Ahad Wage, 23 Juni 2019, waktu rutinan ngaji matan burdah selalu dilaksanakan di Pondok Roudhotuttullab Sendang Duwur, Paciran, Lamongan. Saya yang biasanya naik mobil, kebetulan mendapatkan bagian naik bus sejak dari terminal Osowilangun. Dari Pasuruan ke terminal Osowilangun, saya diantar oleh Ayah mertua dan keluarga.
Kebetulan, saya sedang membawa buku manaqib Mbah Djalil Tulungagung yang kurang beberapa halaman lagi habis saya baca. Saya manfaatkan kesempatan naik bus dari terminal Osowilangun menuju Paciran, Lamongan.
Kebetulan, dalam bab-bab terakhir diceritakan kisah Mbah Djalil yang mencoba ilmu tawakkal dengan mengajak salah satu santri beliau. Beliau berangkat ke Jakarta PP Tulungagung hanya berbekal tiket dan tidak dilarang membawa uang sepeser pun.
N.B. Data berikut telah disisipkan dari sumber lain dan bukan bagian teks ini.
lemma cond_entropy_of_refinement:
  assumes "finite (set_pmf P)"
    and "\<And>w w'. w \<in> set_pmf P \<Longrightarrow> w' \<in> set_pmf P \<Longrightarrow> F w' = F w \<Longrightarrow> G w' = G w"
  shows "cond_entropy b P F G = (\<Sum>w\<in>set_pmf P. pmf P w *
     (log b (measure_pmf.prob P {w'. G w' = G w}) - log b (measure_pmf.prob P {w'. F w' = F w})))"
  unfolding cond_entropy_eq_sum_set_pmf[OF assms(1)]
proof (intro sum.cong refl)
  fix w assume w: "w \<in> set_pmf P"
  have "measure_pmf.prob P {w'. (F w', G w') = (F w, G w)} = measure_pmf.prob P {w'. F w' = F w}"
    using assms(2)[OF w] by (intro prob_fibre_cong) auto
  then show "- pmf P w * log b (measure_pmf.prob P {w'. (F w', G w') = (F w, G w)}
        / measure_pmf.prob P {w'. G w' = G w})
      = pmf P w * (log b (measure_pmf.prob P {w'. G w' = G w})
                   - log b (measure_pmf.prob P {w'. F w' = F w}))"
    using prob_fibre_pos[OF w, of F] prob_fibre_pos[OF w, of G] by (simp add: log_divide algebra_simps)
qed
Singkat cerita, ada saja pertolongan Allah SWT selama perjalanan.
Setelah membaca cerita itu, saya pun senyum-senyum sendiri di dalam bus sambil membayangkan kok bisa begitu. Akhirnya, saya mengalami kejadian yang lucu menurut saya, tidak mirip tapi ada kesamaan sedikit.
Kebetulan, bus Armada Sakti yang mengangkut dari Paciran ke Surabaya terakhir mangkal pukul 4 sore, sedangkan ngaji burdahnya selesai sekitar pukul 5 sore dan kalau dihitung dengan perjalanan pulang ke rumah Bapak saya, sekitar 30 menitan. Saya pun santai saja karena biasanya, dulu sewaktu sering naik bus Armada, bus ini berangkat terakhir pukul 7 Malam. Saya pun berkehendak pulang setelah salat Maghrib dan ternyata……
Bus benar-benar berangkat pukul 4 sore, dari beberapa informasi tetangga dan orang-orang yang berpapasan dengan saya. Kebetulan, ada teman dari Jombang yang waktu itu bareng dengan saya. Setelah dari rumah Bapak, saya pun berjalan saja keluar, sambil menoleh ke kiri dan ke kanan dengan harapan ada bentor yang lewat sehingga kami bisa menyusul bus yang ada. Sekitar 200 meter kami berjalan dan bentor pun tak kunjung tiba. Teman saya agak gusar karena dia hendak ke Makam Sunan Drajat.
Saya ajak jalan saja lurus dan tiba-tiba, ada mobil Colt berhenti dan menawari tumpangan. Alhamdulillah, kami selamat tidak jadi jalan kaki sore-sore. Lalu, saat dalam Colt itu saya bertanya kepada Pak Sopir apakah ada bus yang masih mangkal pada jam itu. Pak Sopir pun dengan nada kesal dan hopeless meyakinkan bahwa jam segitu sudah tidak ada bus lewat dan hendak menurunkan kami.
Saya pun meyakinkan Pak Sopir itu, untuk jalan lurus saja semampunya siapa tahu busnya masih ada di pertigaan Banjaranyar. Teman saya, Pak Anang, entah bertanya apa saya lupa, saya hanya menyauti, ‘wis meneng wae pak’.
Benar saja, bus tidak ada dan Pak Sopir merasa menang dengan keyakinannya. Teman saya pun ikut bingung karena kalau tidak ada bus, maka otomatis saya tidak bisa pulang ke Pasuruan. Saya pun teringat cerita Mbah Djalil, untuk tetap tenang dan pasrah-sepasrahnya kepada Allah SWT. Baru turun dari Colt 4 langkah, tiba-tiba ada seorang lelaki kekar bersarung yang menawarkan ojek. Saya pun tidak pikir panjang, langsung oke saja dan akhirnya, saya dan teman saya ini diantar ke tempat tujuan masing-masing. Saya diantar sampai ke Lamongan kota dan ditunggu oleh bapak separuh baya ini hingga saya benar-benar dapat bus ke Surabaya. Alhamdulillah, saya pun bisa pulang dan tidak kemalaman.
Sebenarnya saya tidak sedang mencoba ilmunya Mbah Djalil, tentunya jauh antara langit dan bumi. Beliau seorang Wali, tapi setidaknya saya belajar dari pasrahnya beliau dalam menghadapi masalah. Alfatihah untuk Mbah Djalil.